## Activity
Return each line of the material verbatim.

## Given entries

(* Let $n,m,k\ge1$, $C:\{0,1\}^n\to\{0,1\}^m$, $V:\{0,1\}^m\times\{0,1\}^\ell\to\{0,1\}$, $\varepsilon\in(0,1/25]$, $\alpha>1$, $p_H,p_{UH}\in[0,1]$ with $p_H\in[g_H\pm\frac45\sqrt\varepsilon]$ and $p_{UH}\in[g_{UH}\pm10\sqrt\varepsilon]$. Let $y_1,\dots,y_k\in\{0,1\}^m$ be arbitrary, let $u:[k]\to\mathbb{Z}_{\ge0}\cup\{\infty\}$, $\mathcal{Y}\subseteq[k]$ and $w_i\in\{0,1\}^\ell$ ($i\in\mathcal{Y}$), and let $\mathcal{L}=\{i\in[k]:2^{-(u(i)+1)\varepsilon}<\alpha2^{-m}\}$, $\mathcal{H}=[k]\setminus\mathcal{L}$. Assume: (a) $|\mathcal{Y}|/k\in[g_{UY}\pm\varepsilon]$; (b) $V(y_i,w_i)=1$ for all $i\in\mathcal{Y}$; (c) $|\mathcal{H}|/k\in[p_{UH}\pm3\sqrt\varepsilon]$; (d) $\frac1k\sum_{i\in\mathcal{L}}2^m2^{-u(i)\varepsilon}\in[1-p_H\pm5\sqrt\varepsilon]$; (1) $\Pr_{y\leftarrow\mathcal{D}^C}[\mathcal{D}^C(y)\in(1\pm4\varepsilon)\alpha2^{-m}]\le\sqrt\varepsilon$; (2) for all $i$: $u'(i)=\infty\Rightarrow u(i)=\infty$; (3) for all $i$: $u(i)=\infty$ or $\mathcal{D}^C(y_i)>(1-\varepsilon/2)2^{-(u(i)+1)\varepsilon}$; (4) $\frac1k|\{i:y_i\in\mathcal{M}\}|<3\sqrt\varepsilon/\alpha$; (5) $|\mathcal{Y}'|/k\in[g_{UY}\pm\varepsilon]$; (6) $|\mathcal{H}'|/k\in[g_{UH}\pm3\sqrt\varepsilon]$; (7) $\frac1k\sum_{i\in\mathcal{L}'}2^m2^{-u'(i)\varepsilon}\in[1-g_H\pm5\sqrt\varepsilon]$. Then: (i) $u(i)\ge u'(i)-1$ for all $i\in[k]$; (ii) $|\mathcal{L}'\setminus\mathcal{L}|\le3k\sqrt\varepsilon$; (iii) $|\mathcal{L}\setminus\mathcal{L}'|\le19k\sqrt\varepsilon$; (iv) $\frac1k\sum_{i\in\mathcal{L}'\setminus\mathcal{L}}2^m2^{-u'(i)\varepsilon}\le6\sqrt\varepsilon\alpha$ and $\frac1k\sum_{i\in\mathcal{L}\setminus\mathcal{L}'}2^m2^{-u(i)\varepsilon}\le38\sqrt\varepsilon\alpha$; (v) $\frac1k\sum_{i\in\mathcal{L}\cap\mathcal{L}'}2^m2^{-u(i)\varepsilon}\in[1-g_H\pm44\sqrt\varepsilon\alpha]$ and $\frac1k\sum_{i\in\mathcal{L}\cap\mathcal{L}'}2^m2^{-u'(i)\varepsilon}\in[1-g_H\pm11\sqrt\varepsilon\alpha]$; (vi) $\mathrm{Gain}_{\mathcal{L}\cap\mathcal{L}'}(u',u)\le4\varepsilon$ and $\mathrm{Loss}_{\mathcal{L}\cap\mathcal{L}'}(u',u)\le59\sqrt\varepsilon\alpha$.
   Context: $\mathcal{D}^C(y)=\Pr_{r\leftarrow\{0,1\}^n}[C(r)=y]$ for uniform $r$. For $y\in\{0,1\}^m$ write $y\in V$ if there is $w$ with $V(y,w)=1$. Let $t=\lceil n/\varepsilon\rceil$, $\mathcal{B}_j=\{y:\mathcal{D}^C(y)\in(2^{-(j+1)\varepsilon},2^{-j\varepsilon}]\}$ for $j\in\{0,\dots,t\}$, and $u'(y)=j$ if $y\in\mathcal{B}_j$, $u'(y)=\infty$ otherwise; conventions $2^{-\infty\varepsilon}=0$, $j<\infty$, $\infty+j=\infty$. $g_H=\Pr_{y\leftarrow\mathcal{D}^C}[\mathcal{D}^C(y)\ge\alpha2^{-m}]$, $g_{UH}=\Pr_{y\text{ uniform}}[\mathcal{D}^C(y)\ge\alpha2^{-m}]$, $g_{UY}=\Pr_{y\text{ uniform}}[y\in V]$, $g_{YL}=\Pr_{y\leftarrow\mathcal{D}^C}[\mathcal{D}^C(y)<\alpha2^{-m}\wedge y\in V]$. For the given $y_1,\dots,y_k$: $u'(i):=u'(y_i)$, $\mathcal{Y}'=\{i:y_i\in V\}$, $\mathcal{L}'=\{i:2^{-(u'(i)+1)\varepsilon}<\alpha2^{-m}\}$, $\mathcal{H}'=[k]\setminus\mathcal{L}'$, $\mathcal{M}=\{y:\mathcal{D}^C(y)\in(1\pm4\varepsilon)\alpha2^{-m}\}$. For labelings $u',u$ of $[k]$ and $\mathcal{A}\subseteq[k]$: $\mathrm{Loss}_{\mathcal{A}}(u',u)=\frac1k\sum_{i\in\mathcal{A}:u'(i)<u(i)}2^m(2^{-u'(i)\varepsilon}-2^{-u(i)\varepsilon})$ and $\mathrm{Gain}_{\mathcal{A}}(u',u)=\frac1k\sum_{i\in\mathcal{A}:u'(i)>u(i)}2^m(2^{-u(i)\varepsilon}-2^{-u'(i)\varepsilon})$. $[a\pm b]=[a-b,a+b]$, $(1\pm\delta)x=[(1-\delta)x,(1+\delta)x]$. *)

theory Defs
  imports Complex_Main "HOL-Library.Extended_Nat"
begin

definition bitstrings :: "nat \<Rightarrow> bool list set" where
  "bitstrings n = {xs. length xs = n}"

definition DC :: "(bool list \<Rightarrow> bool list) \<Rightarrow> nat \<Rightarrow> bool list \<Rightarrow> real" where
  "DC C n y = real (card {r \<in> bitstrings n. C r = y}) / 2 ^ n"

text \<open>Pr_{y <- D^C}[P y] = Pr_{r uniform}[P (C r)].\<close>
definition prD :: "(bool list \<Rightarrow> bool list) \<Rightarrow> nat \<Rightarrow> (bool list \<Rightarrow> bool) \<Rightarrow> real" where
  "prD C n P = real (card {r \<in> bitstrings n. P (C r)}) / 2 ^ n"

definition prU :: "nat \<Rightarrow> (bool list \<Rightarrow> bool) \<Rightarrow> real" where
  "prU m P = real (card {y \<in> bitstrings m. P y}) / 2 ^ m"

definition inV :: "(bool list \<Rightarrow> bool list \<Rightarrow> bool) \<Rightarrow> nat \<Rightarrow> bool list \<Rightarrow> bool" where
  "inV V l y \<longleftrightarrow> (\<exists>w \<in> bitstrings l. V y w)"

definition pw :: "real \<Rightarrow> enat \<Rightarrow> real" where
  "pw \<epsilon> u = (case u of enat j \<Rightarrow> 2 powr (- (real j * \<epsilon>)) | \<infinity> \<Rightarrow> 0)"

## Solution for this exercise
(* Let $n,m,k\ge1$, $C:\{0,1\}^n\to\{0,1\}^m$, $V:\{0,1\}^m\times\{0,1\}^\ell\to\{0,1\}$, $\varepsilon\in(0,1/25]$, $\alpha>1$, $p_H,p_{UH}\in[0,1]$ with $p_H\in[g_H\pm\frac45\sqrt\varepsilon]$ and $p_{UH}\in[g_{UH}\pm10\sqrt\varepsilon]$. Let $y_1,\dots,y_k\in\{0,1\}^m$ be arbitrary, let $u:[k]\to\mathbb{Z}_{\ge0}\cup\{\infty\}$, $\mathcal{Y}\subseteq[k]$ and $w_i\in\{0,1\}^\ell$ ($i\in\mathcal{Y}$), and let $\mathcal{L}=\{i\in[k]:2^{-(u(i)+1)\varepsilon}<\alpha2^{-m}\}$, $\mathcal{H}=[k]\setminus\mathcal{L}$. Assume: (a) $|\mathcal{Y}|/k\in[g_{UY}\pm\varepsilon]$; (b) $V(y_i,w_i)=1$ for all $i\in\mathcal{Y}$; (c) $|\mathcal{H}|/k\in[p_{UH}\pm3\sqrt\varepsilon]$; (d) $\frac1k\sum_{i\in\mathcal{L}}2^m2^{-u(i)\varepsilon}\in[1-p_H\pm5\sqrt\varepsilon]$; (1) $\Pr_{y\leftarrow\mathcal{D}^C}[\mathcal{D}^C(y)\in(1\pm4\varepsilon)\alpha2^{-m}]\le\sqrt\varepsilon$; (2) for all $i$: $u'(i)=\infty\Rightarrow u(i)=\infty$; (3) for all $i$: $u(i)=\infty$ or $\mathcal{D}^C(y_i)>(1-\varepsilon/2)2^{-(u(i)+1)\varepsilon}$; (4) $\frac1k|\{i:y_i\in\mathcal{M}\}|<3\sqrt\varepsilon/\alpha$; (5) $|\mathcal{Y}'|/k\in[g_{UY}\pm\varepsilon]$; (6) $|\mathcal{H}'|/k\in[g_{UH}\pm3\sqrt\varepsilon]$; (7) $\frac1k\sum_{i\in\mathcal{L}'}2^m2^{-u'(i)\varepsilon}\in[1-g_H\pm5\sqrt\varepsilon]$. Then: (i) $u(i)\ge u'(i)-1$ for all $i\in[k]$; (ii) $|\mathcal{L}'\setminus\mathcal{L}|\le3k\sqrt\varepsilon$; (iii) $|\mathcal{L}\setminus\mathcal{L}'|\le19k\sqrt\varepsilon$; (iv) $\frac1k\sum_{i\in\mathcal{L}'\setminus\mathcal{L}}2^m2^{-u'(i)\varepsilon}\le6\sqrt\varepsilon\alpha$ and $\frac1k\sum_{i\in\mathcal{L}\setminus\mathcal{L}'}2^m2^{-u(i)\varepsilon}\le38\sqrt\varepsilon\alpha$; (v) $\frac1k\sum_{i\in\mathcal{L}\cap\mathcal{L}'}2^m2^{-u(i)\varepsilon}\in[1-g_H\pm44\sqrt\varepsilon\alpha]$ and $\frac1k\sum_{i\in\mathcal{L}\cap\mathcal{L}'}2^m2^{-u'(i)\varepsilon}\in[1-g_H\pm11\sqrt\varepsilon\alpha]$; (vi) $\mathrm{Gain}_{\mathcal{L}\cap\mathcal{L}'}(u',u)\le4\varepsilon$ and $\mathrm{Loss}_{\mathcal{L}\cap\mathcal{L}'}(u',u)\le59\sqrt\varepsilon\alpha$.
   Context: $\mathcal{D}^C(y)=\Pr_{r\leftarrow\{0,1\}^n}[C(r)=y]$ for uniform $r$. For $y\in\{0,1\}^m$ write $y\in V$ if there is $w$ with $V(y,w)=1$. Let $t=\lceil n/\varepsilon\rceil$, $\mathcal{B}_j=\{y:\mathcal{D}^C(y)\in(2^{-(j+1)\varepsilon},2^{-j\varepsilon}]\}$ for $j\in\{0,\dots,t\}$, and $u'(y)=j$ if $y\in\mathcal{B}_j$, $u'(y)=\infty$ otherwise; conventions $2^{-\infty\varepsilon}=0$, $j<\infty$, $\infty+j=\infty$. $g_H=\Pr_{y\leftarrow\mathcal{D}^C}[\mathcal{D}^C(y)\ge\alpha2^{-m}]$, $g_{UH}=\Pr_{y\text{ uniform}}[\mathcal{D}^C(y)\ge\alpha2^{-m}]$, $g_{UY}=\Pr_{y\text{ uniform}}[y\in V]$, $g_{YL}=\Pr_{y\leftarrow\mathcal{D}^C}[\mathcal{D}^C(y)<\alpha2^{-m}\wedge y\in V]$. For the given $y_1,\dots,y_k$: $u'(i):=u'(y_i)$, $\mathcal{Y}'=\{i:y_i\in V\}$, $\mathcal{L}'=\{i:2^{-(u'(i)+1)\varepsilon}<\alpha2^{-m}\}$, $\mathcal{H}'=[k]\setminus\mathcal{L}'$, $\mathcal{M}=\{y:\mathcal{D}^C(y)\in(1\pm4\varepsilon)\alpha2^{-m}\}$. For labelings $u',u$ of $[k]$ and $\mathcal{A}\subseteq[k]$: $\mathrm{Loss}_{\mathcal{A}}(u',u)=\frac1k\sum_{i\in\mathcal{A}:u'(i)<u(i)}2^m(2^{-u'(i)\varepsilon}-2^{-u(i)\varepsilon})$ and $\mathrm{Gain}_{\mathcal{A}}(u',u)=\frac1k\sum_{i\in\mathcal{A}:u'(i)>u(i)}2^m(2^{-u(i)\varepsilon}-2^{-u'(i)\varepsilon})$. $[a\pm b]=[a-b,a+b]$, $(1\pm\delta)x=[(1-\delta)x,(1+\delta)x]$. *)

theory Defs
  imports Complex_Main "HOL-Library.Extended_Nat"
begin

definition bitstrings :: "nat \<Rightarrow> bool list set" where
  "bitstrings n = {xs. length xs = n}"

definition DC :: "(bool list \<Rightarrow> bool list) \<Rightarrow> nat \<Rightarrow> bool list \<Rightarrow> real" where
  "DC C n y = real (card {r \<in> bitstrings n. C r = y}) / 2 ^ n"

text \<open>Pr_{y <- D^C}[P y] = Pr_{r uniform}[P (C r)].\<close>
definition prD :: "(bool list \<Rightarrow> bool list) \<Rightarrow> nat \<Rightarrow> (bool list \<Rightarrow> bool) \<Rightarrow> real" where
  "prD C n P = real (card {r \<in> bitstrings n. P (C r)}) / 2 ^ n"

definition prU :: "nat \<Rightarrow> (bool list \<Rightarrow> bool) \<Rightarrow> real" where
  "prU m P = real (card {y \<in> bitstrings m. P y}) / 2 ^ m"

definition inV :: "(bool list \<Rightarrow> bool list \<Rightarrow> bool) \<Rightarrow> nat \<Rightarrow> bool list \<Rightarrow> bool" where
  "inV V l y \<longleftrightarrow> (\<exists>w \<in> bitstrings l. V y w)"

definition pw :: "real \<Rightarrow> enat \<Rightarrow> real" where
  "pw \<epsilon> u = (case u of enat j \<Rightarrow> 2 powr (- (real j * \<epsilon>)) | \<infinity> \<Rightarrow> 0)"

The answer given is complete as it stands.